→ Aim of the task: All lines from the line containing "k = exp (- (real" up to and including the last line of the entries must be written out exactly, with no others.

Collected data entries
BEGIN
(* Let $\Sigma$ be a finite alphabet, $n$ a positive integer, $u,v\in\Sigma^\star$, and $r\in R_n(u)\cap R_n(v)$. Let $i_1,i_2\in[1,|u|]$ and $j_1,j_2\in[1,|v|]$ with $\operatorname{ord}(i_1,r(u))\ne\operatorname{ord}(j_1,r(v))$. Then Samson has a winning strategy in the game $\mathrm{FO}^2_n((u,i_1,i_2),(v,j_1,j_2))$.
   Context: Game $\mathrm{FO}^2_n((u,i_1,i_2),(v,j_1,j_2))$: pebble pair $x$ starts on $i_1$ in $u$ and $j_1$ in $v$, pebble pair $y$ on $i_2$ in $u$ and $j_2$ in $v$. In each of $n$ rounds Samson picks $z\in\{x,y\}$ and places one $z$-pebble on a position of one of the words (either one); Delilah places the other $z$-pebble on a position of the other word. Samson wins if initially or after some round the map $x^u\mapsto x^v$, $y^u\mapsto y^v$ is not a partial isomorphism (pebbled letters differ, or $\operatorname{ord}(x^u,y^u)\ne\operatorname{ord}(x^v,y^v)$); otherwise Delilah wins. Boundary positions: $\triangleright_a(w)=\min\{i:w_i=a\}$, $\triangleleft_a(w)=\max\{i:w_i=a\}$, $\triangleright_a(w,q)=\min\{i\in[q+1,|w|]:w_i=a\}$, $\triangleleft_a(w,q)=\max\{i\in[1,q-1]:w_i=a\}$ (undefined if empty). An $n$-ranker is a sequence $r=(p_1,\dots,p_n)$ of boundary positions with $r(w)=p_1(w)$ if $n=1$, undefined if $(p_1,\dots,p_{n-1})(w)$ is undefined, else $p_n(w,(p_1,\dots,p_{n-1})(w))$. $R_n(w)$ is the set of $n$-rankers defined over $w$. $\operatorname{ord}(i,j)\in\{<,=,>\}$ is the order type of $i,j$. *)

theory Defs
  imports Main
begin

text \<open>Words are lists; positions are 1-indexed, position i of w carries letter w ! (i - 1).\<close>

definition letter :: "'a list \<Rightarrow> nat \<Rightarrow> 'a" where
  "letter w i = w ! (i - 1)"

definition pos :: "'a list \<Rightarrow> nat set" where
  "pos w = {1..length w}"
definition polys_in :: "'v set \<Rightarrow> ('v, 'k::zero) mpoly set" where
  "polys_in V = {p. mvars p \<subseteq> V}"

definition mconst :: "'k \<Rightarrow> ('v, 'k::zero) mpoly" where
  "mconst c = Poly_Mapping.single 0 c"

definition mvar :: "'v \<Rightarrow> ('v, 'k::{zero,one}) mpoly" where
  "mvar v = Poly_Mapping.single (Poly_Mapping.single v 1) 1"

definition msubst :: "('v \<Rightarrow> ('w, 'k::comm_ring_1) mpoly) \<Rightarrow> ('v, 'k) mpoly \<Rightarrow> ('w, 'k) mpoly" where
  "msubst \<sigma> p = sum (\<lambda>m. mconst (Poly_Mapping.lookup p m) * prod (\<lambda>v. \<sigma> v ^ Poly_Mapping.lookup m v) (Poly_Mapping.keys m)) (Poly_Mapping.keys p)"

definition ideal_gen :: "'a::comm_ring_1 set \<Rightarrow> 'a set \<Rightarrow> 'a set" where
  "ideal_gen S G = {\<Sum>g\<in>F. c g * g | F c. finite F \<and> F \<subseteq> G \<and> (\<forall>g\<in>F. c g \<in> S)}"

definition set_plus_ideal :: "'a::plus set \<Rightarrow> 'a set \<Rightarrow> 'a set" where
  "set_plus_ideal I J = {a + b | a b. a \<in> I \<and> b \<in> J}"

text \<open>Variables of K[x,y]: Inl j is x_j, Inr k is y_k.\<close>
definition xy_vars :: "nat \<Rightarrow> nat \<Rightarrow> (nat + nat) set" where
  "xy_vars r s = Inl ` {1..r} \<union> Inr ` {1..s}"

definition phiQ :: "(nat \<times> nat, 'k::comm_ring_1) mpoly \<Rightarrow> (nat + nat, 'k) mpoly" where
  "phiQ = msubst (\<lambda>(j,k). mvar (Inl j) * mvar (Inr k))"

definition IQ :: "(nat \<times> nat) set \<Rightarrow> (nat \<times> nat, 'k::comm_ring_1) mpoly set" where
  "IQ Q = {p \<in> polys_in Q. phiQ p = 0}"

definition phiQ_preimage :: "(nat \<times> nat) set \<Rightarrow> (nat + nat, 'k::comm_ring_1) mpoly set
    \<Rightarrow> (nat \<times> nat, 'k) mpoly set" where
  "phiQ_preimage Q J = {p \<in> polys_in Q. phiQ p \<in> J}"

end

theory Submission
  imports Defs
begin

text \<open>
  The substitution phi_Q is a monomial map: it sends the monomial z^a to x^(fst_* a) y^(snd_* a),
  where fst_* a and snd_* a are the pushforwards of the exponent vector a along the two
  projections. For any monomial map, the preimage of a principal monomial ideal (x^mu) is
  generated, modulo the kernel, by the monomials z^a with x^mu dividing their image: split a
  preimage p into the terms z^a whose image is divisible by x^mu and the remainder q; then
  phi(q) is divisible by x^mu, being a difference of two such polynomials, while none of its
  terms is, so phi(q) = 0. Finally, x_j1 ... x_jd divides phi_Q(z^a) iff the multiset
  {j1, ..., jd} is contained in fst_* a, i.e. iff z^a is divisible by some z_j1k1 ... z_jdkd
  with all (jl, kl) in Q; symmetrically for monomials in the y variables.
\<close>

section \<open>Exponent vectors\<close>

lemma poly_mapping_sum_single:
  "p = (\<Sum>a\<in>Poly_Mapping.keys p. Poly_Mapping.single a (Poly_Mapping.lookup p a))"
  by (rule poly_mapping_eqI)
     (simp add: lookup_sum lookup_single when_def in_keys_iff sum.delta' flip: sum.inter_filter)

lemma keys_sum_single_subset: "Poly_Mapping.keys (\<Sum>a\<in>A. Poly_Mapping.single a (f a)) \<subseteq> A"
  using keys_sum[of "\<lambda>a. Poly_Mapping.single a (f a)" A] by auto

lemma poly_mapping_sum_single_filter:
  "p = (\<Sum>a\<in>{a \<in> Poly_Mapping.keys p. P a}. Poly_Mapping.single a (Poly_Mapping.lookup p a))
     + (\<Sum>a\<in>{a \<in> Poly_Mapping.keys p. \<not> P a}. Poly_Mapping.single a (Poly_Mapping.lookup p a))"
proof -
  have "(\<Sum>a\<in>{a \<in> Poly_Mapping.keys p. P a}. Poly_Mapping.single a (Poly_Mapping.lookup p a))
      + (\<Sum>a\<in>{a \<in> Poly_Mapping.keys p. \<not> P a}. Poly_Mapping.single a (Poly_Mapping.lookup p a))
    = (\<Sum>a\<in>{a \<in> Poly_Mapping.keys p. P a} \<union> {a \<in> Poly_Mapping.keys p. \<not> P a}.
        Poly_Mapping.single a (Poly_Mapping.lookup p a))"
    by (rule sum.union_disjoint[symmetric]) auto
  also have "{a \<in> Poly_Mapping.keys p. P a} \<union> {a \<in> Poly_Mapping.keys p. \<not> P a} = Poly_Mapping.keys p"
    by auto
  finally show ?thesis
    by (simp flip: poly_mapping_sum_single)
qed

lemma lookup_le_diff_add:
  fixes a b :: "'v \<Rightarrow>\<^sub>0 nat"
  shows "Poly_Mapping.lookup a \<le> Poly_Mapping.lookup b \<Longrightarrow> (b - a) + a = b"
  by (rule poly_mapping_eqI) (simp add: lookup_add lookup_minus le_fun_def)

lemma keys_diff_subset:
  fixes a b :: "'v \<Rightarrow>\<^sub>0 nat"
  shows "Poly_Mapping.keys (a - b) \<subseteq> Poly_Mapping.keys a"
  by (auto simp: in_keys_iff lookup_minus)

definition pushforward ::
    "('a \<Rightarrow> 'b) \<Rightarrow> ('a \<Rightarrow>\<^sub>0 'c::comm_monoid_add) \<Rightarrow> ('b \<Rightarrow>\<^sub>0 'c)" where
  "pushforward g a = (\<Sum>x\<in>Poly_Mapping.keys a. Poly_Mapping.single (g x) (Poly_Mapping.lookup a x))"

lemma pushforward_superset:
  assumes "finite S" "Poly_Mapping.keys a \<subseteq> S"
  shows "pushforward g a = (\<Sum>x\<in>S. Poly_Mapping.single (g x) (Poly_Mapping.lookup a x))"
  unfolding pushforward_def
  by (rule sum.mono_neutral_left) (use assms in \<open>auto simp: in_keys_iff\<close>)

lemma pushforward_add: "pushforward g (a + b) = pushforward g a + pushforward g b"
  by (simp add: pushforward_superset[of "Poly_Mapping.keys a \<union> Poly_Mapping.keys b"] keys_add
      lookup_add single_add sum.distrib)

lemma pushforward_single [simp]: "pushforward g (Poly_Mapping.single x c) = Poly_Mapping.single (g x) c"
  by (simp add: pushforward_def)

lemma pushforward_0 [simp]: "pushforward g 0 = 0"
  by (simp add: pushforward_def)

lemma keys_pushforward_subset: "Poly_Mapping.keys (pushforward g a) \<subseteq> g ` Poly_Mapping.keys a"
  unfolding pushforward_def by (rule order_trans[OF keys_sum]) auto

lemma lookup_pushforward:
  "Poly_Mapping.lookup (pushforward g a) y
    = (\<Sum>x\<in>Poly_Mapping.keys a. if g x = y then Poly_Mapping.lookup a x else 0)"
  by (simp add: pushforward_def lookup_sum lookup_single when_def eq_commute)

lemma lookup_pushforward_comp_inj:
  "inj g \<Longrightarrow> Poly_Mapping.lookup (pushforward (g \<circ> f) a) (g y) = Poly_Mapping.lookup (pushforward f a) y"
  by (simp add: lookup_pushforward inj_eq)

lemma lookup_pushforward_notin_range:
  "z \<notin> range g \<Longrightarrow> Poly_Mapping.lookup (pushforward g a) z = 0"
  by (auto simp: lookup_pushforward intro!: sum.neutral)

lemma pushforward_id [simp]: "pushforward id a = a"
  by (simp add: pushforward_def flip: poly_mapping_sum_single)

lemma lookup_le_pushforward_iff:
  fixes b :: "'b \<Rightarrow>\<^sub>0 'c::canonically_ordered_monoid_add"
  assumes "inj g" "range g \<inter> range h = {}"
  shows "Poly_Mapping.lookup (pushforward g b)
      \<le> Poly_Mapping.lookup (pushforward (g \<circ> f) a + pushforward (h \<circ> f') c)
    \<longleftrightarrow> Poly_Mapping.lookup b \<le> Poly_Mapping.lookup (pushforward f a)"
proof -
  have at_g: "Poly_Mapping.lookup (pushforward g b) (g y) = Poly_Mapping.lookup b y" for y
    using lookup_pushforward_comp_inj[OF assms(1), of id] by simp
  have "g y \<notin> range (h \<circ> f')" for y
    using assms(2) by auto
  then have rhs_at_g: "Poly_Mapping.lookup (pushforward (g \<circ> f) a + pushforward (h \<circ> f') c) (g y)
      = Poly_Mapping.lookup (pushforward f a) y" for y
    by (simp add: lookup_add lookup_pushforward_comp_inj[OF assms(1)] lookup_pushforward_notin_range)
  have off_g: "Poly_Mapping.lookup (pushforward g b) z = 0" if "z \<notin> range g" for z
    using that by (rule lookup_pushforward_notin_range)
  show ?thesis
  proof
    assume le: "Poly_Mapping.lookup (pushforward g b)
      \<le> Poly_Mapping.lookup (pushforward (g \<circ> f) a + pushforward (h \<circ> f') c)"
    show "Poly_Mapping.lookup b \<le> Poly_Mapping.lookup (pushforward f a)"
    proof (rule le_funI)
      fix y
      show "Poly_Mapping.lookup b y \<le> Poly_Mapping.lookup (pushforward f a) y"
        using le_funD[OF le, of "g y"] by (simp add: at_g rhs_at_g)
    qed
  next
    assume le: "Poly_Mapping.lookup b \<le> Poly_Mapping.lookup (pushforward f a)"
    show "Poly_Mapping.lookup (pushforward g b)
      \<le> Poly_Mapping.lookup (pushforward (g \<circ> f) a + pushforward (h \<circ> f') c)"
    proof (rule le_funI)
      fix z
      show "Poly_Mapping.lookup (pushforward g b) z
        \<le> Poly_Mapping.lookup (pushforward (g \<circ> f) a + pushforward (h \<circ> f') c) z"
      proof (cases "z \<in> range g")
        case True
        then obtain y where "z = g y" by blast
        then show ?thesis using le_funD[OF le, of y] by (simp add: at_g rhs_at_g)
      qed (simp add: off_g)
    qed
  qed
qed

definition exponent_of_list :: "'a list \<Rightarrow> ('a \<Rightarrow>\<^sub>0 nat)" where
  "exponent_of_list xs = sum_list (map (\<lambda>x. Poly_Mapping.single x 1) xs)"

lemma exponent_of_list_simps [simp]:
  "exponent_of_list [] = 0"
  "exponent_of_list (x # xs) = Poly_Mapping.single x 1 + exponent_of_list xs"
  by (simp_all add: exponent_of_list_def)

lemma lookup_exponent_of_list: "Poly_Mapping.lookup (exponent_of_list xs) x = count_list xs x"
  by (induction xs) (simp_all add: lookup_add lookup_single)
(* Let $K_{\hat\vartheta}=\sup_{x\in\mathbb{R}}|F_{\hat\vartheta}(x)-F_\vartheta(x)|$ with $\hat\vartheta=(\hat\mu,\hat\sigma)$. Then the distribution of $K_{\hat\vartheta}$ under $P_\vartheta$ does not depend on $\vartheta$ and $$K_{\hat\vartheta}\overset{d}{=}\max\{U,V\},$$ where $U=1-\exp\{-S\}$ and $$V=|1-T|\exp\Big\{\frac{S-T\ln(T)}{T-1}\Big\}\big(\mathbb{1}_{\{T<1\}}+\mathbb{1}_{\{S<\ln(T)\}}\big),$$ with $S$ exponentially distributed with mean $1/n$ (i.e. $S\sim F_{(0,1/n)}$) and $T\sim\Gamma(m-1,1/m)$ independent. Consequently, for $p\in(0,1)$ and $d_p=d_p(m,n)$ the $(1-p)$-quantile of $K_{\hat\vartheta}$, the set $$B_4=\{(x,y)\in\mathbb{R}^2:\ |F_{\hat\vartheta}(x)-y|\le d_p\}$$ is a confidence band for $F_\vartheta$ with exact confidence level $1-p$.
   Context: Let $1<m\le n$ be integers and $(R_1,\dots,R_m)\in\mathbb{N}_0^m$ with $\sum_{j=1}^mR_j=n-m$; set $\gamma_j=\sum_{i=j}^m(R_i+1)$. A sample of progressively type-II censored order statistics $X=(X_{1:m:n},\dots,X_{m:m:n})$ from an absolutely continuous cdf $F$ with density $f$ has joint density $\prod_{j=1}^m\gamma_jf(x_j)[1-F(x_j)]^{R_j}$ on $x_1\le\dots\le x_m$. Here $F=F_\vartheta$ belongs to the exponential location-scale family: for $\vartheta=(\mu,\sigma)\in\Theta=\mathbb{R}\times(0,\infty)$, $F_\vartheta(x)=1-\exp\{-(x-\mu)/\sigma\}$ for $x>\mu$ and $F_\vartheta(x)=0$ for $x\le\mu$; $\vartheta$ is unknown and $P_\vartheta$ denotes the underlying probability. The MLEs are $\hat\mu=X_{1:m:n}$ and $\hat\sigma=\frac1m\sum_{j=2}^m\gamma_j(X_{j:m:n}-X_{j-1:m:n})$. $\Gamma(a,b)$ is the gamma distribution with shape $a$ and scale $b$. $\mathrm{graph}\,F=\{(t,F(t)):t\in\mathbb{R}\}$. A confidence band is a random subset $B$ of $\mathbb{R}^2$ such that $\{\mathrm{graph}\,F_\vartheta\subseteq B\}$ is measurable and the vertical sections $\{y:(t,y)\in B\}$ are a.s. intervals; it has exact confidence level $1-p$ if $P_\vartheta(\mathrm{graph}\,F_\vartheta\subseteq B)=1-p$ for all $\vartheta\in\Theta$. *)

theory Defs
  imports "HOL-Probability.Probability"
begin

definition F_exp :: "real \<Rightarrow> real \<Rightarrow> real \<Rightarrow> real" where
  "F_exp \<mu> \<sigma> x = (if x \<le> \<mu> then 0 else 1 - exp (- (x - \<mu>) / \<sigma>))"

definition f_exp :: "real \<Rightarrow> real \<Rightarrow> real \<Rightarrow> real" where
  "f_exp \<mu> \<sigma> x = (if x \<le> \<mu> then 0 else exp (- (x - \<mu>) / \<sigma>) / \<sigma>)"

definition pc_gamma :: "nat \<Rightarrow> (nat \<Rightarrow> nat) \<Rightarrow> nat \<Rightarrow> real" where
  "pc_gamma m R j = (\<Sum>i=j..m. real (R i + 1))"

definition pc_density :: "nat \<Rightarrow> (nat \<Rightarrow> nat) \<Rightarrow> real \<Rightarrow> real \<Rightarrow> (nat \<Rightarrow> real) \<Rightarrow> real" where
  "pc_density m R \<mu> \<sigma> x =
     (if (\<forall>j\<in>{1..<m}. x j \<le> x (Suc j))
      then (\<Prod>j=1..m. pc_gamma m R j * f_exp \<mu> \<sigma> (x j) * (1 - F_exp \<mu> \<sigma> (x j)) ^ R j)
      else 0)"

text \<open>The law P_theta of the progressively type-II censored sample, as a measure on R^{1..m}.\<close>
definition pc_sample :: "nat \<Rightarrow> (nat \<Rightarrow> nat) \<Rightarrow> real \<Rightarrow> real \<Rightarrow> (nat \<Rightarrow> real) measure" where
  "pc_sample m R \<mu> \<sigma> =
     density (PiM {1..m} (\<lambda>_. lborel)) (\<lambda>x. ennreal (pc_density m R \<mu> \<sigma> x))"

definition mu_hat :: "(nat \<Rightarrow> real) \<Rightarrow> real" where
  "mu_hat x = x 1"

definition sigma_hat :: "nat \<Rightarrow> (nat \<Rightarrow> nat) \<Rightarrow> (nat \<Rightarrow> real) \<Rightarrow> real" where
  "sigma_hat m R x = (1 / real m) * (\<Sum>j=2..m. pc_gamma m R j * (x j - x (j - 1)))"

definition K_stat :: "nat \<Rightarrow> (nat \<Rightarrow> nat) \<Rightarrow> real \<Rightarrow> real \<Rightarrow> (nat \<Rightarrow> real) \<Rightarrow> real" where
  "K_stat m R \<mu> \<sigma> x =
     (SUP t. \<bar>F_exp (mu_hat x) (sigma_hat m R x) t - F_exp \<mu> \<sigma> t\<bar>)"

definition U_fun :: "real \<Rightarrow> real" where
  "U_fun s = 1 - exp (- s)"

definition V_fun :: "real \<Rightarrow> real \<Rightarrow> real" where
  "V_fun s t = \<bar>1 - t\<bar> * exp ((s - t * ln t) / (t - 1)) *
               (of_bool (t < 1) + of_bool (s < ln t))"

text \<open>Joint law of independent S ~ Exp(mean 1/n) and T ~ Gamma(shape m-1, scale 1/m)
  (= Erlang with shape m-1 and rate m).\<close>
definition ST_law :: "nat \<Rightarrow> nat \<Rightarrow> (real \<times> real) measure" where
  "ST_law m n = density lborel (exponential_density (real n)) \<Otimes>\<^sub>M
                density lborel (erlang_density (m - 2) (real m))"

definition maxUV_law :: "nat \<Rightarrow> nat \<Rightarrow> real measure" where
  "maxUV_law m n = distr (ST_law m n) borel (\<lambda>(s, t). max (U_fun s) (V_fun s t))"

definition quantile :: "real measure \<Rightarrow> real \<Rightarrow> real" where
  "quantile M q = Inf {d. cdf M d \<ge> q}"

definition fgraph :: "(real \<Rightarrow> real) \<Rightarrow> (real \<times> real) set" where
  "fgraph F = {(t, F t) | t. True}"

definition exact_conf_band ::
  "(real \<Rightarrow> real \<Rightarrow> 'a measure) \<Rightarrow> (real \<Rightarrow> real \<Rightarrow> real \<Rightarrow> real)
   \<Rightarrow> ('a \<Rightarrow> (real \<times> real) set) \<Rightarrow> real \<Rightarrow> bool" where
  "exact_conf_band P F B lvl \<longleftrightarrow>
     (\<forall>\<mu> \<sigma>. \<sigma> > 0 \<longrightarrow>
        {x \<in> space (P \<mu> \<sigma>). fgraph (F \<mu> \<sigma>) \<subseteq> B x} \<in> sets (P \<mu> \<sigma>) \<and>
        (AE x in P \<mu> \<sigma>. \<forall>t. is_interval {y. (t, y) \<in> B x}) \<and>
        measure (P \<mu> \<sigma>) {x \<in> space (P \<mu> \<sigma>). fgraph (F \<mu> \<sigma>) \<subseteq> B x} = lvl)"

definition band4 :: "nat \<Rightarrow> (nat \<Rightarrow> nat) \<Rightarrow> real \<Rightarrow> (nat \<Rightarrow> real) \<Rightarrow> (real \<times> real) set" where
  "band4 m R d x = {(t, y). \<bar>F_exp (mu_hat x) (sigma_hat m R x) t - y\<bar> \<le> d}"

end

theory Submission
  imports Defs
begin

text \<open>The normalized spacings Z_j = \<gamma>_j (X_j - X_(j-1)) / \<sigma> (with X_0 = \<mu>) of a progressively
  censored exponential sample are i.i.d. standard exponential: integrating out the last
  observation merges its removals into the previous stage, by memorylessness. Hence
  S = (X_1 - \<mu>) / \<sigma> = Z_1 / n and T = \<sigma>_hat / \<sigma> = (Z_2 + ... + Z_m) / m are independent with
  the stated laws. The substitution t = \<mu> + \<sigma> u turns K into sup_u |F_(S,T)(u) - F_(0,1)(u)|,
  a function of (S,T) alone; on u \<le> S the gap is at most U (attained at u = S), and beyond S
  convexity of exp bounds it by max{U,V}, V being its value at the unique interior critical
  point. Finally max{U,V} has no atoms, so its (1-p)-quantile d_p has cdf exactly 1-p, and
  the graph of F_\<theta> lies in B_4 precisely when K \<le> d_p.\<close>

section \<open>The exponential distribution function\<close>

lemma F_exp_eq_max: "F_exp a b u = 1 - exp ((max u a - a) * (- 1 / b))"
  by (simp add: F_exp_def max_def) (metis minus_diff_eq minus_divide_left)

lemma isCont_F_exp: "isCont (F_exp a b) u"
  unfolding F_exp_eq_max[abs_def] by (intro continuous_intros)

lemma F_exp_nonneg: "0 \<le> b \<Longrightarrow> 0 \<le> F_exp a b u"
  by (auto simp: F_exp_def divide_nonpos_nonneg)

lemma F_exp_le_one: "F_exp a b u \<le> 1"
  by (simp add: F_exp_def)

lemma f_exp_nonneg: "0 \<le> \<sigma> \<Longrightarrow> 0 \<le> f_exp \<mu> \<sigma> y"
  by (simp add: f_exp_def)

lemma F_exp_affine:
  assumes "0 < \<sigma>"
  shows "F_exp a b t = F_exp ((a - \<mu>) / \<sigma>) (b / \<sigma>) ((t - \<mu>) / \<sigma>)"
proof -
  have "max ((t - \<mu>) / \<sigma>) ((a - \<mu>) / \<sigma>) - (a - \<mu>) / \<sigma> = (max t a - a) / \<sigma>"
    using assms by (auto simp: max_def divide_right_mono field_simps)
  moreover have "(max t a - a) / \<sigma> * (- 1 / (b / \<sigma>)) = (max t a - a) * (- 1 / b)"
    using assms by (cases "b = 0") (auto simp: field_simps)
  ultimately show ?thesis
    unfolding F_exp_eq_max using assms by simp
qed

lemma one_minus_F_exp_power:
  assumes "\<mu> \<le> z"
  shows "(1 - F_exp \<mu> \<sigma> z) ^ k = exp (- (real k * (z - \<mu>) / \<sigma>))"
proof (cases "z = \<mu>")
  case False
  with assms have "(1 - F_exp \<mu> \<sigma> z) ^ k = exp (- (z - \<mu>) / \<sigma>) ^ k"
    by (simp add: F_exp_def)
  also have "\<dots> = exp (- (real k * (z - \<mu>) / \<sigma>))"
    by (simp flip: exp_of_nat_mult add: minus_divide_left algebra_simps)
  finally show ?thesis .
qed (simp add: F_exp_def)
END
→ Solved problem:
  shows "(1 - F_exp \<mu> \<sigma> z) ^ k = exp (- (real k * (z - \<mu>) / \<sigma>))"
proof (cases "z = \<mu>")
  case False
  with assms have "(1 - F_exp \<mu> \<sigma> z) ^ k = exp (- (z - \<mu>) / \<sigma>) ^ k"
    by (simp add: F_exp_def)
  also have "\<dots> = exp (- (real k * (z - \<mu>) / \<sigma>))"
    by (simp flip: exp_of_nat_mult add: minus_divide_left algebra_simps)
  finally show ?thesis .
qed (simp add: F_exp_def)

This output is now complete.